◆ **GOAL OF THE EXERCISE**: Needed from the data below: every line from the one with "text \<open>At a" up to and including the one with "using mult_left_mono[OF win_a, of", repeated exactly and with nothing else.

[INFORMATION SHOWN Boundary: Start]

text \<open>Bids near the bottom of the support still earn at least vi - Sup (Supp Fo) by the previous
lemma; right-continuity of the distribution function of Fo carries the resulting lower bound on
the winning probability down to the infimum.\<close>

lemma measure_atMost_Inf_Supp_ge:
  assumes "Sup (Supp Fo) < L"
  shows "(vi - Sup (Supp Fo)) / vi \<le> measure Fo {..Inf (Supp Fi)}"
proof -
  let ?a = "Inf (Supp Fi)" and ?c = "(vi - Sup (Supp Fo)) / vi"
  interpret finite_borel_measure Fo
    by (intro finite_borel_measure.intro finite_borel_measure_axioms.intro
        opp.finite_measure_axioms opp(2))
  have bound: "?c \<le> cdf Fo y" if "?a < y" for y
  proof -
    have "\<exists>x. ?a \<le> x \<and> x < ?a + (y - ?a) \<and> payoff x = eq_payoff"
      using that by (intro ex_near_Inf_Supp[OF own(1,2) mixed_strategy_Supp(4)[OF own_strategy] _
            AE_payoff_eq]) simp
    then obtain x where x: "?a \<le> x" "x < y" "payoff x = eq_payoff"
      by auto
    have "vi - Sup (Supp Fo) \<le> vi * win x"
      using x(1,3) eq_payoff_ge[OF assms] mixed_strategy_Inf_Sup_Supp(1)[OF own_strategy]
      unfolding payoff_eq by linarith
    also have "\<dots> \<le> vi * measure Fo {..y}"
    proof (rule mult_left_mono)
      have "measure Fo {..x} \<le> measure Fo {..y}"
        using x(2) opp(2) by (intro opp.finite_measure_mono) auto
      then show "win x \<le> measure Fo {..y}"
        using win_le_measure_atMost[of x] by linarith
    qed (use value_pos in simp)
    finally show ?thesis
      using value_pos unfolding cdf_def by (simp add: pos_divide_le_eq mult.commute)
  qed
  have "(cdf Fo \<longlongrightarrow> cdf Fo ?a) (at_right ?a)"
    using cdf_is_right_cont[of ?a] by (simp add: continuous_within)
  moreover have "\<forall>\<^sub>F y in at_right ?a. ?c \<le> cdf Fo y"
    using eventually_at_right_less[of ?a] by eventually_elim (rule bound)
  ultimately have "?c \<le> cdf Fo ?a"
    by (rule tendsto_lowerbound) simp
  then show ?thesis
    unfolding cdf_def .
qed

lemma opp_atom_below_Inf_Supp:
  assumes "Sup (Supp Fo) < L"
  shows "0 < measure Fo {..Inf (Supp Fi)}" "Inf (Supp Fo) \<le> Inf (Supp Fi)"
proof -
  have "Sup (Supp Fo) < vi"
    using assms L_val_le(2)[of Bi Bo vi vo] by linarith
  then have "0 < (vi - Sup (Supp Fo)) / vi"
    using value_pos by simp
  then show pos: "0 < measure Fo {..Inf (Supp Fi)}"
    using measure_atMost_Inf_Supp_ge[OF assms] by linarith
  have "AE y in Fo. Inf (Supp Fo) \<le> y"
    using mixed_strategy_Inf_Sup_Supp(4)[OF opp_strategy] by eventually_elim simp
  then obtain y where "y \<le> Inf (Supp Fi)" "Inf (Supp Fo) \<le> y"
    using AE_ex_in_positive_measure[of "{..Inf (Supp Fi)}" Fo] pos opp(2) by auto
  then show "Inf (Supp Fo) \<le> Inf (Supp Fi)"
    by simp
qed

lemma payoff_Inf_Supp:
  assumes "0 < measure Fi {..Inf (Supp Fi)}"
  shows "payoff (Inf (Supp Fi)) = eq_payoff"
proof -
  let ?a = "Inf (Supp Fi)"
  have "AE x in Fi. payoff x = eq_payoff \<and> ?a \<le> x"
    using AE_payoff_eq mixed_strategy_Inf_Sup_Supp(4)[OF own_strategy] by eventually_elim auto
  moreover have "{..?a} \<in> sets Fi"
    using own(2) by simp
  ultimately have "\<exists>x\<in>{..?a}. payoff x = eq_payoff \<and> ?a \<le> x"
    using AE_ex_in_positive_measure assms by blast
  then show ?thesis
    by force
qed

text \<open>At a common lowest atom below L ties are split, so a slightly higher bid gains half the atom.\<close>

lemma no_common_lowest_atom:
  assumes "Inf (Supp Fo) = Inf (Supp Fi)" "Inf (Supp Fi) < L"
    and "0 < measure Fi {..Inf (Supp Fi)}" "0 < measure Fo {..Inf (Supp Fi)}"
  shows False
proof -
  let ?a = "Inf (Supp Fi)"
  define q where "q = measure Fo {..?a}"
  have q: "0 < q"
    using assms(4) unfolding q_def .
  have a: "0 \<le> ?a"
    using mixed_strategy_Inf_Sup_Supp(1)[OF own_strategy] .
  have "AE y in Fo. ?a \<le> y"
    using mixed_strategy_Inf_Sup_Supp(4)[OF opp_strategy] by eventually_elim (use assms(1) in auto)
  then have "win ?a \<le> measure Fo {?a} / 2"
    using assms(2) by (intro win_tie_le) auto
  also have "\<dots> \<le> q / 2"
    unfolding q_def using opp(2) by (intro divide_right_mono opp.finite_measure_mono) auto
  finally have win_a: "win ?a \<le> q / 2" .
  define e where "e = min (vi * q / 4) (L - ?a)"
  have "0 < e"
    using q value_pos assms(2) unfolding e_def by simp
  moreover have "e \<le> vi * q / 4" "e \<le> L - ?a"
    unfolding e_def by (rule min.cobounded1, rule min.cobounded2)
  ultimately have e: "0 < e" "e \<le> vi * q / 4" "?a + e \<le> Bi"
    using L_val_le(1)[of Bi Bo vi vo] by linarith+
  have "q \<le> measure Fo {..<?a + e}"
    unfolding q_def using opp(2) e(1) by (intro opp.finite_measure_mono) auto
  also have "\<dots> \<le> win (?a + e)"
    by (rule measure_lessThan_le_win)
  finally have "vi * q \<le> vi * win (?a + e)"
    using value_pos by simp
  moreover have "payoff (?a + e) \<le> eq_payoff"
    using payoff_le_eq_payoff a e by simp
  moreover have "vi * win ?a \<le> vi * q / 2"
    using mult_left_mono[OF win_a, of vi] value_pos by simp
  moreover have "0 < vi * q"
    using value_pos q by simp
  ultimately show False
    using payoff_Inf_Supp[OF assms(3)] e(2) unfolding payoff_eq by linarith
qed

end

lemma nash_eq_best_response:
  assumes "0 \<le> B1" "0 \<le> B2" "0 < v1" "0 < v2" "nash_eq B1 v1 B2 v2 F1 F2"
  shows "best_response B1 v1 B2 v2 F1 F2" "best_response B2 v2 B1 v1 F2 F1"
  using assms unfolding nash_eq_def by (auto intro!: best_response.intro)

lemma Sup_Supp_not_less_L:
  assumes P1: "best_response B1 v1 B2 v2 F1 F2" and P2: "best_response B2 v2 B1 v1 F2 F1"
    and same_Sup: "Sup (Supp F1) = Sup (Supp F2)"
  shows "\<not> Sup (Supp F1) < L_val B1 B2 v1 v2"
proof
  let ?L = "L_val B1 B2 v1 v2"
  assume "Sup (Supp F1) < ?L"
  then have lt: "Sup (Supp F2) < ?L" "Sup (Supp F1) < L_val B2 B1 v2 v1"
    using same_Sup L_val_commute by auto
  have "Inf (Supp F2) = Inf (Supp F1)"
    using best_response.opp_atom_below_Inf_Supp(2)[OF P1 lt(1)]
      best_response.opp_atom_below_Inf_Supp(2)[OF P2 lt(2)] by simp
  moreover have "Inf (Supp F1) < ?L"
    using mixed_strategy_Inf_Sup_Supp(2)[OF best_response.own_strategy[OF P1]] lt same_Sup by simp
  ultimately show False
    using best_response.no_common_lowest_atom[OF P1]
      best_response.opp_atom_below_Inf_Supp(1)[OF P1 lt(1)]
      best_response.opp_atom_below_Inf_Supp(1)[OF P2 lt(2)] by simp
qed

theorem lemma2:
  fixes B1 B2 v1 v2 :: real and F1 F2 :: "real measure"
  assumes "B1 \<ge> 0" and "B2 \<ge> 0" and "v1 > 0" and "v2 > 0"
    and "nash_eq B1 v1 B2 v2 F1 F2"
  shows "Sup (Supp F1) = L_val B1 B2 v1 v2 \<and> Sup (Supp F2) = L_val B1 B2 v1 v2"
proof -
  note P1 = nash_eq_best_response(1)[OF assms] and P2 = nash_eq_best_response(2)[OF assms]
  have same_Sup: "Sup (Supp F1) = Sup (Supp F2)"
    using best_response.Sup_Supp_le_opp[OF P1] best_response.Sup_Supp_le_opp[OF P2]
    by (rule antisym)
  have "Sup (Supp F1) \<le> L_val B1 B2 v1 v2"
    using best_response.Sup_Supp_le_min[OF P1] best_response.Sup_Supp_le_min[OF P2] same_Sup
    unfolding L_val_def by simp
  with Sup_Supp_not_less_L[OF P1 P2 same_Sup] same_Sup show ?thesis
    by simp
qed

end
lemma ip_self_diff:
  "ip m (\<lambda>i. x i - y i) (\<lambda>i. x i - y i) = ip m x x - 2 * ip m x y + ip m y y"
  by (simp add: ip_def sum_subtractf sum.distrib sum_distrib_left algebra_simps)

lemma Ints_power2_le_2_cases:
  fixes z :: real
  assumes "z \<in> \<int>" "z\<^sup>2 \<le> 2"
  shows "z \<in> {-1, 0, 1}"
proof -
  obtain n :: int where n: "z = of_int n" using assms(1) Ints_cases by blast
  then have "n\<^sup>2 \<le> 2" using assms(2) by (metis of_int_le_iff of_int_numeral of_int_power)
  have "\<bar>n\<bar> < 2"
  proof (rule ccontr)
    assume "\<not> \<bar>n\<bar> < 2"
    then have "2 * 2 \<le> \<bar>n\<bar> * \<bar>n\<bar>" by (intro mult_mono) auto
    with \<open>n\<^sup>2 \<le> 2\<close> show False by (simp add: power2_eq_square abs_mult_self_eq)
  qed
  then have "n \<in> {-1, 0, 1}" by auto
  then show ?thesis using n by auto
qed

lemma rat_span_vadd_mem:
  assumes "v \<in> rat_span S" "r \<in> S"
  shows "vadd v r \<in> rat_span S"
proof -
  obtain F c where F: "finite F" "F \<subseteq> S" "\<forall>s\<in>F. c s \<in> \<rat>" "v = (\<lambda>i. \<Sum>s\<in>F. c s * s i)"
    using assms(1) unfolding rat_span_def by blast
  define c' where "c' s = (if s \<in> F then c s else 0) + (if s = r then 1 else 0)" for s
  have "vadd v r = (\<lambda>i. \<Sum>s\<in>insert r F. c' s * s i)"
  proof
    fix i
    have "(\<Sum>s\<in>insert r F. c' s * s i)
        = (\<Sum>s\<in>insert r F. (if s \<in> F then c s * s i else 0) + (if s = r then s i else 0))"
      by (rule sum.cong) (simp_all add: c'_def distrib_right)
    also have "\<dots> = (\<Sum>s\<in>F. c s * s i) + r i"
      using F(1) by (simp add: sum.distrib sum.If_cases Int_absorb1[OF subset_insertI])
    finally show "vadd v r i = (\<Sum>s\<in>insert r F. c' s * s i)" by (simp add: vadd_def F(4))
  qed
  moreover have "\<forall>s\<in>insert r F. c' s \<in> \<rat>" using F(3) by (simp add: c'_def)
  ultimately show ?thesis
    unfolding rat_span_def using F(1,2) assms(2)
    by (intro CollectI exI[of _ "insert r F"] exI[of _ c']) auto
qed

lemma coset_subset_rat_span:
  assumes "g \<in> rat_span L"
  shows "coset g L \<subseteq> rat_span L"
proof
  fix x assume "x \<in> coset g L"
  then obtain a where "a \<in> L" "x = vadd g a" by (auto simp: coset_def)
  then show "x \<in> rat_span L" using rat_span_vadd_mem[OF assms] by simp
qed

[INFORMATION SHOWN Boundary: End]

◆ **YOUR RESPONSE**:
text \<open>At a common lowest atom below L ties are split, so a slightly higher bid gains half the atom.\<close>

lemma no_common_lowest_atom:
  assumes "Inf (Supp Fo) = Inf (Supp Fi)" "Inf (Supp Fi) < L"
    and "0 < measure Fi {..Inf (Supp Fi)}" "0 < measure Fo {..Inf (Supp Fi)}"
  shows False
proof -
  let ?a = "Inf (Supp Fi)"
  define q where "q = measure Fo {..?a}"
  have q: "0 < q"
    using assms(4) unfolding q_def .
  have a: "0 \<le> ?a"
    using mixed_strategy_Inf_Sup_Supp(1)[OF own_strategy] .
  have "AE y in Fo. ?a \<le> y"
    using mixed_strategy_Inf_Sup_Supp(4)[OF opp_strategy] by eventually_elim (use assms(1) in auto)
  then have "win ?a \<le> measure Fo {?a} / 2"
    using assms(2) by (intro win_tie_le) auto
  also have "\<dots> \<le> q / 2"
    unfolding q_def using opp(2) by (intro divide_right_mono opp.finite_measure_mono) auto
  finally have win_a: "win ?a \<le> q / 2" .
  define e where "e = min (vi * q / 4) (L - ?a)"
  have "0 < e"
    using q value_pos assms(2) unfolding e_def by simp
  moreover have "e \<le> vi * q / 4" "e \<le> L - ?a"
    unfolding e_def by (rule min.cobounded1, rule min.cobounded2)
  ultimately have e: "0 < e" "e \<le> vi * q / 4" "?a + e \<le> Bi"
    using L_val_le(1)[of Bi Bo vi vo] by linarith+
  have "q \<le> measure Fo {..<?a + e}"
    unfolding q_def using opp(2) e(1) by (intro opp.finite_measure_mono) auto
  also have "\<dots> \<le> win (?a + e)"
    by (rule measure_lessThan_le_win)
  finally have "vi * q \<le> vi * win (?a + e)"
    using value_pos by simp
  moreover have "payoff (?a + e) \<le> eq_payoff"
    using payoff_le_eq_payoff a e by simp
  moreover have "vi * win ?a \<le> vi * q / 2"
    using mult_left_mono[OF win_a, of vi] value_pos by simp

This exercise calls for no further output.